**EXERCISE DATA**
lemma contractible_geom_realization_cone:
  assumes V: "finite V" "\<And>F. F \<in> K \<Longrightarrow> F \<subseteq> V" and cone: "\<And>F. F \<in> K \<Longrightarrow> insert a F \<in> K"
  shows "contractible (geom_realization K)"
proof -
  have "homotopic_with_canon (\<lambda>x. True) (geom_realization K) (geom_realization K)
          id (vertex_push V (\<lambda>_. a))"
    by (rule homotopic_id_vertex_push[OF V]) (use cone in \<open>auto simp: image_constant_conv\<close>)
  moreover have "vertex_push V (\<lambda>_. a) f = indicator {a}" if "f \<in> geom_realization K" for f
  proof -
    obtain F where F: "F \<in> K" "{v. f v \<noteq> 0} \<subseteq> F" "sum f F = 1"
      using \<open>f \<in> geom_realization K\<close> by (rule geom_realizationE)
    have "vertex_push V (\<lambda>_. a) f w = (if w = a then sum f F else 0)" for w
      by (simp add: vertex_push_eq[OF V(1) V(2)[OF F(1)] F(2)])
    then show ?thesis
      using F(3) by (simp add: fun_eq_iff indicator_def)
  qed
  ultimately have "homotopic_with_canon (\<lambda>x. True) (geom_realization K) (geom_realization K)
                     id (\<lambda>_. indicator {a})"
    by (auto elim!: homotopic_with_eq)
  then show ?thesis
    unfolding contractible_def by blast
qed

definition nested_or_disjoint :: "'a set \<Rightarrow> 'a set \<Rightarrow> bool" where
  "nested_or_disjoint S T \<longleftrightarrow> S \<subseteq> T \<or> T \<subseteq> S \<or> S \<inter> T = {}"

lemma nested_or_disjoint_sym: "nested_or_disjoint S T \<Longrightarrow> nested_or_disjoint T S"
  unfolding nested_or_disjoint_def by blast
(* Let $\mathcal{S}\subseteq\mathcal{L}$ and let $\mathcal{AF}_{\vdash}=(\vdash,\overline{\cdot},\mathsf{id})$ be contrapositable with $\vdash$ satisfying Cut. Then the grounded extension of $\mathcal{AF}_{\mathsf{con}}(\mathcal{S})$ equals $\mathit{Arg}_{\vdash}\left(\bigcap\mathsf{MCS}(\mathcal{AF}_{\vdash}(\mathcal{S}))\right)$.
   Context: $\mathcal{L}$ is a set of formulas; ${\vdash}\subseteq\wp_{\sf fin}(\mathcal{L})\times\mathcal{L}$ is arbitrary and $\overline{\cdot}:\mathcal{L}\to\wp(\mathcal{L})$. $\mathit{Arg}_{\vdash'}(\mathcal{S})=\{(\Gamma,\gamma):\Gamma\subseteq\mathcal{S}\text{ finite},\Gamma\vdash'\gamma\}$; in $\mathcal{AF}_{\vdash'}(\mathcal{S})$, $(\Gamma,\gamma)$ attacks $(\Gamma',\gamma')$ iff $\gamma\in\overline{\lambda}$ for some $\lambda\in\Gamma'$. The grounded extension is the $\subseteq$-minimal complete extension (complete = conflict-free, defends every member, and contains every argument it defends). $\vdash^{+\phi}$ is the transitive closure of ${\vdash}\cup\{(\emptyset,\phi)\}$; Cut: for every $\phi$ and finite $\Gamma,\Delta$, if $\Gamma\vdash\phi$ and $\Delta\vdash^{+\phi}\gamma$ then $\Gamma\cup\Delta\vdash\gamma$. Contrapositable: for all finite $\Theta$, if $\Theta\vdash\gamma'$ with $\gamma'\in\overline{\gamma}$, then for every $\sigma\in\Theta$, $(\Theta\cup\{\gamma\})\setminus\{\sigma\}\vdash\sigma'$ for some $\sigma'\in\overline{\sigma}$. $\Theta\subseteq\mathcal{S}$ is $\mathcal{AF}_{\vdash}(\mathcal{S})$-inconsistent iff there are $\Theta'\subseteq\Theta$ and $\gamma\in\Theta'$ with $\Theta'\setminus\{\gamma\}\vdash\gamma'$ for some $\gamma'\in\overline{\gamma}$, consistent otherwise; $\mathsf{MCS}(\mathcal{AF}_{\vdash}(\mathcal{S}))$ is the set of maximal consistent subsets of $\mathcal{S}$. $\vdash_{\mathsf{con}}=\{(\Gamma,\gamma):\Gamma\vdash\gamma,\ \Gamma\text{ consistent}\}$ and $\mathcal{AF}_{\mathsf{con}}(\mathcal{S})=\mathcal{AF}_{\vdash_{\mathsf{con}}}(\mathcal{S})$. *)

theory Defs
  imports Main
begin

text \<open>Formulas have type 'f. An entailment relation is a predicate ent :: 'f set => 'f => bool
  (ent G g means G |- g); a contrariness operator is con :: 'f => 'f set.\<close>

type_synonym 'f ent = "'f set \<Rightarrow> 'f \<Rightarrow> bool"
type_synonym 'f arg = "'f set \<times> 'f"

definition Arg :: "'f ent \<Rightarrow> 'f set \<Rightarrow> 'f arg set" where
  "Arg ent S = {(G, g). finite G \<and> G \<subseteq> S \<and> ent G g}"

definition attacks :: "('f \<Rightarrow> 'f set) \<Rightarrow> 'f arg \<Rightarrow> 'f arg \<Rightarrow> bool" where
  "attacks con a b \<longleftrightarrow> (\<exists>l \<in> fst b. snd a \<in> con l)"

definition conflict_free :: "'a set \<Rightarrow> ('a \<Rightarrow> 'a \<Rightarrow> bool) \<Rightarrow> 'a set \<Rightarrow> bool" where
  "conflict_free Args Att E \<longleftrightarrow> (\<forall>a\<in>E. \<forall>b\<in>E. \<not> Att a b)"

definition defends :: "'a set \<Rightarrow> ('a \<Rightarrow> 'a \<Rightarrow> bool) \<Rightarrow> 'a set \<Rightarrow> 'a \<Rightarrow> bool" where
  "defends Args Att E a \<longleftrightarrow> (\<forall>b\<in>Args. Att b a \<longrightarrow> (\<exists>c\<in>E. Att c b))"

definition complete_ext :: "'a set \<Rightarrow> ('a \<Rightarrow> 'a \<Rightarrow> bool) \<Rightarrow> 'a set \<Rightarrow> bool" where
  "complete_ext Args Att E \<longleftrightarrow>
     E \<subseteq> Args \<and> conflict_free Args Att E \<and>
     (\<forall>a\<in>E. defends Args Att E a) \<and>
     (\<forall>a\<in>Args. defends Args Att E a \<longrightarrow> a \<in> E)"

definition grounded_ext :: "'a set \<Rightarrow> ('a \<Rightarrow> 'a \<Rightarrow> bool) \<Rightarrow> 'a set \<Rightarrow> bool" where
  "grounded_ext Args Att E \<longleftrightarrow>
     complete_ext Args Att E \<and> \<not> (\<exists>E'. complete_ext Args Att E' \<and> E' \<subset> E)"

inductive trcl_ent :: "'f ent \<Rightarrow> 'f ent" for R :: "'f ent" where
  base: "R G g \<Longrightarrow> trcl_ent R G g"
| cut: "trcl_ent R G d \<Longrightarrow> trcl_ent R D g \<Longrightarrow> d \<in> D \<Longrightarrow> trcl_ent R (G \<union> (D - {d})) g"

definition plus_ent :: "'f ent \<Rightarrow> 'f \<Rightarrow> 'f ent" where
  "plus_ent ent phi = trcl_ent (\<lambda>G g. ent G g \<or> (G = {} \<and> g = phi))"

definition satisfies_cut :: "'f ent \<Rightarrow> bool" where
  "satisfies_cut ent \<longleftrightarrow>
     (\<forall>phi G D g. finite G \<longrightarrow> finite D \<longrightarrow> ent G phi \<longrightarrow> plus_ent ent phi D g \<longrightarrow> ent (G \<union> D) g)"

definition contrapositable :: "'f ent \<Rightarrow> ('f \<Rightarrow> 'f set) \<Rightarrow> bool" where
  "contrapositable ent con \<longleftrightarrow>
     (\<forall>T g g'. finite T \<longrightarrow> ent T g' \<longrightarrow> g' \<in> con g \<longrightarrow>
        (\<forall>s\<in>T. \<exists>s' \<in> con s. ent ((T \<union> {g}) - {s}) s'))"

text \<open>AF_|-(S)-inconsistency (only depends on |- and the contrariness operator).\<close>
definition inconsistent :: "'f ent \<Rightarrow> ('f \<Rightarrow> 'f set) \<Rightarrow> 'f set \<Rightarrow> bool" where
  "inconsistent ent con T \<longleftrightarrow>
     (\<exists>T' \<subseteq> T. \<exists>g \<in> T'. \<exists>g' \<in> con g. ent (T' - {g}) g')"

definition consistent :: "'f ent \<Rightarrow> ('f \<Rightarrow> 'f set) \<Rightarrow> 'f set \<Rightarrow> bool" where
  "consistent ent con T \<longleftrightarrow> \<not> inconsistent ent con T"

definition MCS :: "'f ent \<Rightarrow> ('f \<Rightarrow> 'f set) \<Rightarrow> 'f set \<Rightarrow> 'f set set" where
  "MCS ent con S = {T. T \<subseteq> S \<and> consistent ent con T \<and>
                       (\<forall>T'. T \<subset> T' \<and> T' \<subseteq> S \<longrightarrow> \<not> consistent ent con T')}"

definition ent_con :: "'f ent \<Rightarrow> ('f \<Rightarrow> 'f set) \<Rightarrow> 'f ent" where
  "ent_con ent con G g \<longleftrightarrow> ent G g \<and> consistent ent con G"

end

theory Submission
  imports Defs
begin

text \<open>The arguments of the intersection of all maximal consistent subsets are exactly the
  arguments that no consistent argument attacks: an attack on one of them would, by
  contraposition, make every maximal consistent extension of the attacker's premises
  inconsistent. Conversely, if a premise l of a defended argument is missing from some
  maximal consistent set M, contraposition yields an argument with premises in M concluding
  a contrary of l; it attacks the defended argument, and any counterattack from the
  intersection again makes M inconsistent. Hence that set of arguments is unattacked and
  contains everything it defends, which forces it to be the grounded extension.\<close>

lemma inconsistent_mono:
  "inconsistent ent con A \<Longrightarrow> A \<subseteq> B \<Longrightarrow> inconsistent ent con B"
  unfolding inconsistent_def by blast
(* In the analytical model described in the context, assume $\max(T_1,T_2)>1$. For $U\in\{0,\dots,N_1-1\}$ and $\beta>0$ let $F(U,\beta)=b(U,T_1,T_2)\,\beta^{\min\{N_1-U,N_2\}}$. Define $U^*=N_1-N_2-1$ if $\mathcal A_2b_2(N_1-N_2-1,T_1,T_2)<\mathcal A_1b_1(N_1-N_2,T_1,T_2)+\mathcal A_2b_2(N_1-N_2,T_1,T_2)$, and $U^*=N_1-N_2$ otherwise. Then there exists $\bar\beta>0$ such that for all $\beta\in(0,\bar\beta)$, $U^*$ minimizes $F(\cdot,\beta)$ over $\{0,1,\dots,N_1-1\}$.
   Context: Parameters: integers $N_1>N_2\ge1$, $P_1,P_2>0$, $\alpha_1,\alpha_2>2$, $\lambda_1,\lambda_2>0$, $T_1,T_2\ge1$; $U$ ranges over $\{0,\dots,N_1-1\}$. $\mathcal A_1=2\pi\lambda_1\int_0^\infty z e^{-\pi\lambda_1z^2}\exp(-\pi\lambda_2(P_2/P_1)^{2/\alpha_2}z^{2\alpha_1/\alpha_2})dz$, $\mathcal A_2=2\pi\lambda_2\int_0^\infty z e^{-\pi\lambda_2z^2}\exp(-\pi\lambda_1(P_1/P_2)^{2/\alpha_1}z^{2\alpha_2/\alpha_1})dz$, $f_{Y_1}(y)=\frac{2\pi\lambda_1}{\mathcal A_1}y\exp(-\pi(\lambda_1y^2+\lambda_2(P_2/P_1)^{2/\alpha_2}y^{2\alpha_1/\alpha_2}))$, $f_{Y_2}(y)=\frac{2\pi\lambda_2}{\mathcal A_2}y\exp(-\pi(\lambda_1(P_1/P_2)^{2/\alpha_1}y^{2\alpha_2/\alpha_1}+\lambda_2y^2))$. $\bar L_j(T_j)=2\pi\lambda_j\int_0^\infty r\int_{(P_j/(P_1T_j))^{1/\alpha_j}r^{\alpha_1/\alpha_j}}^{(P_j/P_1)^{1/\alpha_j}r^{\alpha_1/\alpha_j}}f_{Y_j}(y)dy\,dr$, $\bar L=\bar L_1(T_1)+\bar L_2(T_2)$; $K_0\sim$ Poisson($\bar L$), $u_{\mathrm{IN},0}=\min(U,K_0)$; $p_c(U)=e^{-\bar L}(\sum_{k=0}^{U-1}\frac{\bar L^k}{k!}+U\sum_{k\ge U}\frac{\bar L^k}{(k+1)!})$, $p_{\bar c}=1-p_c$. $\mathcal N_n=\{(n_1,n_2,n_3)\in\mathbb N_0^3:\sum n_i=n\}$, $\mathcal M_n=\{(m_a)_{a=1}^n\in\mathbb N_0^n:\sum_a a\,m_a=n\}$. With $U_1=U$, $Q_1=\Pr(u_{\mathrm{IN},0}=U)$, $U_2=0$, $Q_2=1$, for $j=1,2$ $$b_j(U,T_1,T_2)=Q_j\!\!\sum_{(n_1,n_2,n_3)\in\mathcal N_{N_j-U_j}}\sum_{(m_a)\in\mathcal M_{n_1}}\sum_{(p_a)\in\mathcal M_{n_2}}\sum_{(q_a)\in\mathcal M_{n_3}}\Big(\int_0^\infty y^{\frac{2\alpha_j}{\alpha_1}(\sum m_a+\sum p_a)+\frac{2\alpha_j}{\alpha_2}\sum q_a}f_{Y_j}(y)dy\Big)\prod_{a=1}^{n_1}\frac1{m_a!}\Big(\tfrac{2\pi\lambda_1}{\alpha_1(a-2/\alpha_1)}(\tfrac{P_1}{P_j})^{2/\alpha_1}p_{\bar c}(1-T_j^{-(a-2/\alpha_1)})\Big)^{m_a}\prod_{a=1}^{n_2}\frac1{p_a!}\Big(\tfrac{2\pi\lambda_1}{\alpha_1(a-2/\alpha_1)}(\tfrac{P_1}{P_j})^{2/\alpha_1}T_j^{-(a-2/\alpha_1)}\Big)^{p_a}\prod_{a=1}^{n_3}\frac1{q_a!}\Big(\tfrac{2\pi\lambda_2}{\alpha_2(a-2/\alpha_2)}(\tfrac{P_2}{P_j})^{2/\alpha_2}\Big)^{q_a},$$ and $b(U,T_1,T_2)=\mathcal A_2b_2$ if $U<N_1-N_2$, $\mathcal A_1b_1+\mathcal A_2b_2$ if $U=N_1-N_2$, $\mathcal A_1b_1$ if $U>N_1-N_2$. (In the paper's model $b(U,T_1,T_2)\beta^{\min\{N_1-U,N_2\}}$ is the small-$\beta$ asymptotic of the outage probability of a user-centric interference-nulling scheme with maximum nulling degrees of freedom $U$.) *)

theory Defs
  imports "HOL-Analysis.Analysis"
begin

**ACTIVITY**
Above are the records; print exactly the lines from the line with "id (\<lambda>_. indicator" to the line with "be contrapositable with", including both, and nothing else.

**SOLVED EXERCISE**
                     id (\<lambda>_. indicator {a})"
    by (auto elim!: homotopic_with_eq)
  then show ?thesis
    unfolding contractible_def by blast
qed

definition nested_or_disjoint :: "'a set \<Rightarrow> 'a set \<Rightarrow> bool" where
  "nested_or_disjoint S T \<longleftrightarrow> S \<subseteq> T \<or> T \<subseteq> S \<or> S \<inter> T = {}"

lemma nested_or_disjoint_sym: "nested_or_disjoint S T \<Longrightarrow> nested_or_disjoint T S"
  unfolding nested_or_disjoint_def by blast
(* Let $\mathcal{S}\subseteq\mathcal{L}$ and let $\mathcal{AF}_{\vdash}=(\vdash,\overline{\cdot},\mathsf{id})$ be contrapositable with $\vdash$ satisfying Cut. Then the grounded extension of $\mathcal{AF}_{\mathsf{con}}(\mathcal{S})$ equals $\mathit{Arg}_{\vdash}\left(\bigcap\mathsf{MCS}(\mathcal{AF}_{\vdash}(\mathcal{S}))\right)$.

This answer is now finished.